8 1.4 Tujuan Penelitian Berdasarkan rumusan masalah, maka tujuan penelitian ini adalah mengetahui ada atau tidaknya perbedaan kuantitas miskonsepsi yang signifikan antara siswa yang mengikuti pembelajaran kooperatif tipe jigsaw dengan simulasi fisika dan siswa yang mengikuti pembelajaran kooperatif tipe jigsaw tanpa simulasi fisika. Adapun tujuan penelitian secara khusus dijabarkan sebagai berikut. - Menunjukkan persentase dan kategori miskonsepsi antara siswa yang mengikuti pembelajaran kooperatif tipe jigsaw menggunakan simulasi fisika dan tanpa menggunakan simulasi fisika. - Menunjukkan respon siswa terhadap implementasi simulasi fisika dalam pembelajaran kooperatif tipe jigsaw. 1.5 Manfaat Penelitian Hasil penelitian ini diharapkan dapat memberikan manfaat baik secara teoritis maupun praktis terhadap beberapa pihak terkait, diantaranya: - Manfaat teoritis Memberikan informasi baru tentang miskonsepsi pada mata pelajaran fisika sehingga dapat bermanfaat untuk pengembangan teori selanjutnya. - Manfaat praktis Bagi siswa, dapat meningkatkan pemahaman konsep dan mendapatkan kegiatan pembelajaran baru. Bagi guru, memperkenalkan penggunaan simulasi komputer dalam pembelajaran dan mempermudah kegiatan belajar mengajar (KBM). Bagi sekolah, meningkatkan mutu pendidikan di sekolah tersebut. Bagi peneliti, menambah pengetahuan. 1.6 Struktur Organisasi Skripsi Struktur organisasi skripsi dalam penelitian ini sebagai berikut: Bab I meliputi latar belakang masalah penelitian, identifikasi dan perumusan masalah berdasarkan hasil studi pendahuluan, tujuan penelitian untuk mengetahui ada tidaknya perbedaan kuantitas miskonsepsi yang signifikan siswa yang mengikuti pembelajaran kooperatif tipe jigsaw dengan menggunakan

9 simulasi fisika dan tanpa simulasi fisika, serta mengetahui respon siswa terhadap pembelajaran tersebut. Kemudian dijabarkan manfaat penelitian bagi beberapa pihak terkait dan sekilas tentang struktur organisasi skripsi. Bab II membahas tentang kajian pustaka yang berkaitan dengan simulasi fisika, jigsaw, miskonsepsi, tinjauan konsep elastisitas, serta penelitian relevan terkait penelitian ini, kerangka pemikiran, hipotesis, dan asumsi.

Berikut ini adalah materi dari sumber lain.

lemma sum_unit_circle_chi_tr_2n_eq_kloosterman:
  fixes A :: 'a
  assumes A: "A \<in> subF n" "A \<noteq> 0"
  shows "(\<Sum>w\<in>unit_circle n. chi (tr 1 (2 * n) (A * w))) = 1 - kloosterman n A"
proof -
  obtain s where s: "s \<in> subF n" "s ^ 2 = A"
    using ex_square_root_subF[OF A(1)] by blast
  have "s \<noteq> 0" using s A(2) by auto
  define G where "G y = chi (tr 1 n (s * y))" for y
  have "(\<Sum>y\<in>subF n. G y) = 0"
    using sum_subF_chi_tr_n[OF s(1)] \<open>s \<noteq> 0\<close> by (simp add: G_def mult.commute)
  then have "(\<Sum>y\<in>subF n - {0}. G y) = -1"
    by (simp add: sum_diff1 subF_iff G_def)
  then have "(\<Sum>w\<in>unit_circle n - {1}. G (w + inverse w)) + (\<Sum>v\<in>subF n - {0, 1}. G (v + inverse v))
      = -2"
    using sum_plus_inverse_double_cover[of G] by simp
  then show ?thesis
    using sum_unit_circle_chi_tr_2n_square[OF s(1)] kloosterman_square[OF s(1) \<open>s \<noteq> 0\<close>]
    by (simp add: s(2) G_def)
qed

lemma four_dvd_kloosterman:
  fixes A :: 'a
  assumes "2 \<le> n" and A: "A \<in> subF n" "A \<noteq> 0"
  shows "4 dvd kloosterman n A"
proof -
  let ?V = "unit_circle n - {1} :: 'a set"
  let ?psi = "\<lambda>w::'a. w + inverse w"
  define G where "G y = chi (tr 1 n (A * y))" for y
  have V: "finite ?V" "0 \<notin> ?V" "1 \<notin> ?V" "\<And>w. w \<in> ?V \<Longrightarrow> inverse w \<in> ?V"
    by (auto simp: inverse_unit_circle dest: unit_circle_nonzero)
  have "(\<Sum>w\<in>unit_circle n. chi (tr 1 (2 * n) (A * w))) = (\<Sum>w\<in>unit_circle n. G (?psi w))"
    by (rule sum.cong) (simp_all add: G_def tr_2n_mult_subF[OF A(1)] cj_unit_circle)
  also have "\<dots> = G (?psi 1) + (\<Sum>w\<in>?V. G (?psi w))"
    by (simp add: sum.remove[of _ 1])
  also have "(\<Sum>w\<in>?V. G (?psi w)) = 2 * (\<Sum>y\<in>?psi ` ?V. G y)"
    by (rule sum_plus_inverse_CHAR_2[OF CHAR_eq_2 V])
  finally have sum_eq: "(\<Sum>w\<in>unit_circle n. chi (tr 1 (2 * n) (A * w)))
      = 1 + 2 * (\<Sum>y\<in>?psi ` ?V. G y)"
    by (simp add: G_def)
  have "2 * card (?psi ` ?V) = 2 ^ n"
    using sum_plus_inverse_CHAR_2[OF CHAR_eq_2 V, of "\<lambda>_. 1::nat"]
    by (simp add: card_Diff_singleton card_unit_circle)
  moreover have "(4::nat) dvd 2 ^ n"
    using le_imp_power_dvd[OF \<open>2 \<le> n\<close>, of "2::nat"] by simp
  ultimately have "even (card (?psi ` ?V))" by presburger
  moreover have "even ((\<Sum>y\<in>?psi ` ?V. G y) + int (card (?psi ` ?V)))"
    unfolding G_def by (rule even_sum_chi_add_card) simp
  ultimately have "even (\<Sum>y\<in>?psi ` ?V. G y)" by simp
  then obtain k where "(\<Sum>y\<in>?psi ` ?V. G y) = 2 * k" by (elim evenE)
  then have "kloosterman n A = 4 * - k"
    using sum_eq sum_unit_circle_chi_tr_2n_eq_kloosterman[OF A] by simp
  then show ?thesis by (rule dvdI)
qed

section \<open>A Moebius transformation of the unit circle\<close>

lemma one_add_mult_cj_neq_0: "(b::'a) \<notin> unit_circle n \<Longrightarrow> 1 + b * cj b \<noteq> 0"
  by (auto simp: unit_circle_iff add_eq_0_iff_CHAR_2[OF CHAR_eq_2])

lemma moebius_unit_circle:
  fixes b u :: 'a
  assumes b: "b \<notin> unit_circle n" and u: "u \<in> unit_circle n"
  shows "(1 + b * cj b) / (u + b) + cj b \<in> unit_circle n"
proof -
  have u0: "u \<noteq> 0" using u by (rule unit_circle_nonzero)
  have ub: "u + b \<noteq> 0" using u b by (auto simp: add_eq_0_iff_CHAR_2[OF CHAR_eq_2])
  have den: "1 + cj b * u \<noteq> 0"
  proof
    assume "1 + cj b * u = 0"
    then have "cj b = inverse u"
      by (metis add_eq_0_iff_CHAR_2[OF CHAR_eq_2] inverse_unique mult.commute)
    then have "b = u"
      using u by (metis cj_cj cj_unit_circle inverse_inverse_eq power_inverse)
    then show False using u b by simp
  qed
  have eq: "(1 + b * cj b) / (u + b) + cj b = (1 + cj b * u) / (u + b)"
    using ub by (simp add: field_simps)
  have "cj ((1 + cj b * u) / (u + b)) = (1 + b * inverse u) / (inverse u + cj b)"
    using u by (simp add: power_divide cj_add power_mult_distrib cj_unit_circle)
  also have "\<dots> = ((u + b) * inverse u) / ((1 + cj b * u) * inverse u)"
    using u0 by (simp add: field_simps)
  also have "\<dots> = (u + b) / (1 + cj b * u)"
    using u0 by simp
  finally show ?thesis
    using ub den by (simp add: unit_circle_iff eq)
qed

lemma bij_betw_moebius_unit_circle:
  assumes "(b::'a) \<notin> unit_circle n"
  shows "bij_betw (\<lambda>u. (1 + b * cj b) / (u + b) + cj b) (unit_circle n) (unit_circle n)"
proof (rule bij_betw_imageI)
  show "inj_on (\<lambda>u. (1 + b * cj b) / (u + b) + cj b) (unit_circle n)"
    using assms one_add_mult_cj_neq_0[OF assms]
    by (auto intro!: inj_onI simp: field_simps add_eq_0_iff_CHAR_2[OF CHAR_eq_2])
  then show "(\<lambda>u. (1 + b * cj b) / (u + b) + cj b) ` unit_circle n = unit_circle n"
    using moebius_unit_circle[OF assms] by (intro endo_inj_surj) auto
qed

lemma sum_unit_circle_outside_eq_kloosterman:
  fixes a b :: 'a
  assumes a: "a \<in> subF n" "a \<noteq> 0" and b: "b \<notin> unit_circle n"
  defines "A \<equiv> a / (1 + b * cj b)"
  shows "(\<Sum>u\<in>unit_circle n. chi (tr 1 (2 * n) (a / (u + b))))
    = chi (tr 1 (2 * n) (A * cj b)) * (1 - kloosterman n A)"
proof -
  let ?\<mu> = "\<lambda>u. (1 + b * cj b) / (u + b) + cj b"
  have A: "A \<in> subF n" "A \<noteq> 0"
    using a mult_cj_subF[of b] one_add_mult_cj_neq_0[OF b]
    by (simp_all add: A_def subF_iff cj_add power_divide)
  have "A * ?\<mu> u = a / (u + b) + A * cj b" for u
  proof -
    have "A * ((1 + b * cj b) / (u + b)) = a / (u + b)"
      using one_add_mult_cj_neq_0[OF b] by (simp add: A_def)
    then show ?thesis by (simp only: distrib_left)
  qed
  then have "chi (tr 1 (2 * n) (a / (u + b))) = chi (tr 1 (2 * n) (A * ?\<mu> u)) * chi (tr 1 (2 * n) (A * cj b))"
    for u by (metis add.assoc add_self add_0_right chi_tr_2n_add)
  then have "(\<Sum>u\<in>unit_circle n. chi (tr 1 (2 * n) (a / (u + b))))
      = (\<Sum>u\<in>unit_circle n. chi (tr 1 (2 * n) (A * ?\<mu> u))) * chi (tr 1 (2 * n) (A * cj b))"
    by (simp add: sum_distrib_right)
  also have "(\<Sum>u\<in>unit_circle n. chi (tr 1 (2 * n) (A * ?\<mu> u))) = (\<Sum>w\<in>unit_circle n. chi (tr 1 (2 * n) (A * w)))"
    by (rule sum.reindex_bij_betw[OF bij_betw_moebius_unit_circle[OF b]])
  also have "\<dots> = 1 - kloosterman n A"
    using A by (rule sum_unit_circle_chi_tr_2n_eq_kloosterman)
  finally show ?thesis by (simp add: mult.commute)
qed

Bab III membahas tentang metode dan desain penelitian. Selanjutnya dipaparkan populasi dan sampel penelitian, definisi operasional, instrumen penelitian beserta pengembangannya, prosedur penelitian yang dilakukan, serta penjelasan tentang teknik pegumpulan dan analisis data. Bab IV menjelaskan tentang pemaparan data penelitian yang dilanjutkan dengan pembahasan data penelitian secara keseluruhan. Kemudian, dijabarkan temuan lainnya selama penelitian. Bab V berisikan tentang kesimpulan dari hasil penelitian berdasarkan rumusan masalah dan rekomendasi bagi para pengguna hasil penelitian yang diperoleh berdasarkan temuan penelitian yang telah dilakukan.